I've now finished running the code from the abc paper and got some errors at step 5. First some warnings, eg

> UBpost1<-abc(target=observed,sumstat=simresUB,param=simparamUB,tol=0.01,method="rejection")

Warning message:

In abc(target = observed, sumstat = simresUB, param = simparamUB, :

No summary statistics names are given, using S1, S2, ...

then an error:

> hist(UBpost1$unadj.values[,1])

Error in UBpost1$unadj.values[, 1] : incorrect number of dimensions

Any thoughts about that?

Thanks again for sharing these excellent examples. I'm glad Phil made the suggestion to list papers because I've learned a lot from reading them, and I'm sure others will too. I will add my own to the task view and hope that you all might offer some feedback also.

best,

Ben

Ben Marwick

unread,

Jan 22, 2015, 5:53:04 AM1/22/15

to anti...@googlegroups.com

Hi Dave,

Yes, good point, managing these external dependences is a big challenge when working in a programming environment, and can be really frustrating. No doubt more than a few novices have been turned away from R (or Python, where the situation is much worse) for that reason. I've tried to list all the external dependencies next to each package where they appear in the task view, so that the reader is aware of them. This seems to be how the other task views handle the problem, so I'll stick with that. But that doesn't help much for a batch installation of all the packages in the task view.

Virtual environments are the current solution to this problem, for example a virtual machine image that has all the packages and all the dependencies together. I use that for teaching (since students' computers can be quite exotic), but it's a heavyweight solution since a small VM file is about 3 Gb. More promising are Docker containers, which provide a very similar virtual environment, but with a tiny memory and disk footprint. I do most of my work at the moment using RStudio and rocker (https://github.com/rocker-org/rocker it's quite well documented on the wiki of that repository), so I'm using RStudio server in web browser in a linux environment (on a windows laptop). This a gives very high degree of isolation and reproducibility. The dockerfile that describes the linux environment specifies the dependencies, so you or anyone can recreate my computational environment exactly (well, not the hardware) with minimal effort (one line of code, in my case: docker run -d -p 8787:8787 rocker/hadleyverse). This is a lot nicer that using a virtual machine because docker uses a lot less system resources, and is much less distracting (I don't have to work with a whole different desktop like I do in a typical VM).

There's a good paper on using docker and R here: 'An introduction to Docker for reproducible research, with examples from the R environment' http://arxiv.org/abs/1410.0846

If you have other thoughts on how to make all of this easier, please do share them.

best,

Ben

Enrico Crema

unread,

Jan 23, 2015, 7:02:50 AM1/23/15

to anti...@googlegroups.com

Hi Ben,

Thanks for the extensive comments! The code were uploaded just for reference and partial (in the case of ABC, you need a cluster) reproducibility. So it is not currently on github or any version controlled repository (I should do this eventually). As for your comments:

* I'm not keen on rm(list=ls()) at the top of a script, it seems a bit unkind to the user. I think literate programming offers a better approach since it creates a new environment when the code is executed (ie. sweave or knitr), so it's free of contaminating data objects, but doesn't require the user to remove everything.

Ops...this was left-over from my own script...

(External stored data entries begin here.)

lemma dispersion_monotone_gaps_le_edge_first:
  fixes g :: "nat \<Rightarrow> nat"
  assumes mono: "mono_on {1..K} g" and bound: "\<forall>i\<in>{1..K}. g i \<le> L"
    and split: "a + b = K" "a \<le> b + 1" "b \<le> a + 1"
  shows "dispersion {1..K} (\<lambda>i. real (i + g i)) \<le> dispersion {1..K} (\<lambda>i. real (edge_first_enum L a i))"
proof (cases "L = 0")
  case True
  then show ?thesis
    using bound by (intro eq_refl dispersion_cong) (simp add: edge_first_enum_def)
next
  case False
  define t where "t s = card {j \<in> {1..K}. g j \<le> s}" for s
  define w where "w s i = real (edge_first_enum L (t s) i)" for s i
  let ?E = "dispersion {1..K} (\<lambda>i. real (edge_first_enum L a i))"
  have "t s \<le> card {1..K}" for s
    unfolding t_def by (rule card_mono) auto
  then have "t s \<le> K" for s
    by simp
  have "a \<le> K"
    using split(1) by simp
  have vertex_le: "dispersion {1..K} (w s) \<le> ?E" for s
  proof -
    have "t s * (K - t s) \<le> a * (K - a)"
      using balanced_split_maximizes_product[OF split \<open>t s \<le> K\<close>] by (simp add: split(1)[symmetric])
    then have "real (t s) * real (K - t s) * (real L * (real L + real K))
        \<le> real a * real (K - a) * (real L * (real L + real K))"
      by (intro mult_right_mono) (simp_all flip: of_nat_mult)
    then show ?thesis
      unfolding w_def dispersion_edge_first_enum[OF \<open>t s \<le> K\<close>]
        dispersion_edge_first_enum[OF \<open>a \<le> K\<close>]
      by (simp add: mult.assoc)
  qed
  have "(real L)\<^sup>2 * dispersion {1..K} (\<lambda>i. real (i + g i)) = dispersion {1..K} (\<lambda>i. \<Sum>s<L. w s i)"
    unfolding dispersion_scale[symmetric] w_def t_def
    by (intro dispersion_cong sum_edge_first_enum_sublevels[OF mono bound, symmetric])
  also have "\<dots> \<le> real L * (\<Sum>s<L. dispersion {1..K} (w s))"
    using dispersion_sum_le[of "{1..K}" "{..<L}" w] by simp
  also have "\<dots> \<le> real L * (\<Sum>s<L. ?E)"
    by (intro mult_left_mono sum_mono vertex_le) simp
  also have "\<dots> = (real L)\<^sup>2 * ?E"
    by (simp add: power2_eq_square)
  finally show ?thesis
    using False by simp
qed

lemma dispersion_subset_le_edge_first:
  fixes S :: "nat set"
  assumes S: "S \<subseteq> {1..N}" "card S = K" and split: "a + b = K" "a \<le> b + 1" "b \<le> a + 1"
  shows "dispersion S real \<le> dispersion {1..K} (\<lambda>i. real (edge_first_enum (N - K) a i))"
proof -
  have "finite S"
    using S(1) finite_subset by blast
  then obtain y where y: "strict_mono_on {1..K} y" "y ` {1..K} = S"
    using ex_strict_mono_on_enumeration[OF \<open>finite S\<close>] unfolding S(2) by blast
  have gap: "y i + (j - i) \<le> y j" if "1 \<le> i" "i \<le> j" "j \<le> K" for i j
    using strict_mono_on_add_diff_le[OF y(1) that] .
  have range: "y i \<in> {1..N}" if "i \<in> {1..K}" for i
    using imageI[OF that, of y] y(2) S(1) by blast
  define g where "g i = y i - i" for i
  have y_eq: "y i = i + g i" if "i \<in> {1..K}" for i
    using gap[of 1 i] range[of 1] that unfolding g_def by auto
  have mono: "mono_on {1..K} g"
  proof (rule mono_onI)
    fix i j
    assume "i \<in> {1..K}" "j \<in> {1..K}" "i \<le> j"
    then show "g i \<le> g j"
      using gap[of i j] by (simp add: g_def)
  qed
  have bound: "\<forall>i\<in>{1..K}. g i \<le> N - K"
  proof
    fix i
    assume "i \<in> {1..K}"
    then show "g i \<le> N - K"
      using gap[of i K] range[of K] unfolding g_def by auto
  qed
  have "dispersion S real = dispersion {1..K} (\<lambda>i. real (y i))"
    unfolding y(2)[symmetric] by (rule dispersion_reindex[OF strict_mono_on_imp_inj_on[OF y(1)], symmetric])
  also have "\<dots> = dispersion {1..K} (\<lambda>i. real (i + g i))"
    by (rule dispersion_cong) (simp add: y_eq)
  also have "\<dots> \<le> dispersion {1..K} (\<lambda>i. real (edge_first_enum (N - K) a i))"
    by (rule dispersion_monotone_gaps_le_edge_first[OF mono bound split])
  finally show ?thesis .
qed

lemma zeta_var_eq_dispersion:
  assumes "inj_on \<zeta> {1..K}"
  shows "zeta_var K \<zeta> = dispersion (\<zeta> ` {1..K}) real / (real K)\<^sup>2"
  unfolding dispersion_reindex[OF assms, symmetric]
  by (cases "K = 0") (simp_all add: zeta_var_def dispersion_def field_simps power2_eq_square)

lemma zeta_var_pos:
  assumes "inj_on \<zeta> {1..K}" "2 \<le> K"
  shows "0 < zeta_var K \<zeta>"
proof -
  have "\<zeta> 1 \<noteq> \<zeta> 2"
    using assms by (auto dest: inj_onD)
  then have "0 < dispersion (\<zeta> ` {1..K}) real"
    using assms(2) by (intro dispersion_pos[of _ "\<zeta> 1" "\<zeta> 2"]) auto
  then show ?thesis
    using assms(2) by (simp add: zeta_var_eq_dispersion[OF assms(1)])
qed

lemma CRB_range_antimono:
  assumes "0 < \<beta>abs" "0 < G" "0 < \<Delta>f" "0 < Nk" "0 < v" "v \<le> w"
  shows "CRB_range c \<sigma> \<beta>abs G Nk \<Delta>f w \<le> CRB_range c \<sigma> \<beta>abs G Nk \<Delta>f v"
proof -
  define D where "D = 8 * \<beta>abs\<^sup>2 * pi\<^sup>2 * G * real Nk * \<Delta>f\<^sup>2"
  have "0 < D"
    using assms(1-4) by (simp add: D_def)
  then show ?thesis
    unfolding CRB_range_def D_def[symmetric]
    using assms(5,6) by (intro divide_left_mono mult_left_mono mult_pos_pos) auto
qed

theorem proposition2:
  fixes N Nk a b :: nat and \<zeta> \<zeta>e :: "nat \<Rightarrow> nat"
    and c \<sigma> \<beta>abs G \<Delta>f :: real
  assumes "1 \<le> Nk" and "Nk \<le> N"
    and "inj_on \<zeta> {1..Nk}" and "\<zeta> ` {1..Nk} \<subseteq> {1..N}"
    and "a + b = Nk" and "a \<le> b + 1" and "b \<le> a + 1"
    and "inj_on \<zeta>e {1..Nk}" and "\<zeta>e ` {1..Nk} = edge_first_set N a b"
    and "c > 0" and "\<sigma> > 0" and "\<beta>abs > 0" and "G > 0" and "\<Delta>f > 0"
  shows "zeta_var Nk \<zeta> \<le> zeta_var Nk \<zeta>e
       \<and> CRB_range c \<sigma> \<beta>abs G Nk \<Delta>f (zeta_var Nk \<zeta>e)
           \<le> CRB_range c \<sigma> \<beta>abs G Nk \<Delta>f (zeta_var Nk \<zeta>)"
proof
  have "dispersion (\<zeta> ` {1..Nk}) real \<le> dispersion {1..Nk} (\<lambda>i. real (edge_first_enum (N - Nk) a i))"
    using assms(3-7) by (intro dispersion_subset_le_edge_first) (auto simp: card_image)
  also have "\<dots> = dispersion (\<zeta>e ` {1..Nk}) real"
    unfolding assms(9) edge_first_enum_image[OF assms(5,2), symmetric] by (rule dispersion_reindex[OF inj_edge_first_enum])
  finally show var_le: "zeta_var Nk \<zeta> \<le> zeta_var Nk \<zeta>e"
    unfolding zeta_var_eq_dispersion[OF assms(3)] zeta_var_eq_dispersion[OF assms(8)]
    by (rule divide_right_mono) simp
  show "CRB_range c \<sigma> \<beta>abs G Nk \<Delta>f (zeta_var Nk \<zeta>e) \<le> CRB_range c \<sigma> \<beta>abs G Nk \<Delta>f (zeta_var Nk \<zeta>)"
  proof (cases "Nk = 1")
    case True
    \<comment> \<open>Both variances vanish and both bounds are the junk value of a division by 0.\<close>
    then show ?thesis
      by (simp add: zeta_var_def)
  next
    case False
    then show ?thesis
      using assms(1,3,12-14) var_le zeta_var_pos by (intro CRB_range_antimono) auto
  qed
qed

end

* Supplementary materials are not a very convenient way to share code and data... the journal renames many of your files so the internal references in the code need to be edited, your R script files are supplied as zip files which adds a few extra steps to get to the code, and your CSV files (as they are referred to in the code) are Excel xls/x files in the supplementary materials. I see you have a comment in the code that says 'the excel worksheets should be individually exported as .csv files', but this is a bit tedious for the poor user and an unnecessary obstacle to using the data. Better would be to have the CSV files as the actual files in the supplementary materials, since Excel files are a poor choice for data longevity and portability. Those are all pretty small details, but they add up to an obstacle to sharing the really important parts of the paper, and burden the reader with a lot of tedium to access the code and data. There are some nice guidelines on sharing code and data here: http://journals.plos.org/ploscompbiol/article?id=10.1371/journal.pcbi.1003542

Unfortunately I didn't have any control over how these data were deposited in the ESM. Indeed these renaming and groupings make thing tedious... I don't recall exactly why (so I might be wrong) but I think the reason some files were in excel was because there was a limit in the number of supplementary material that I could upload on E&HB. Again this makes everything complicated...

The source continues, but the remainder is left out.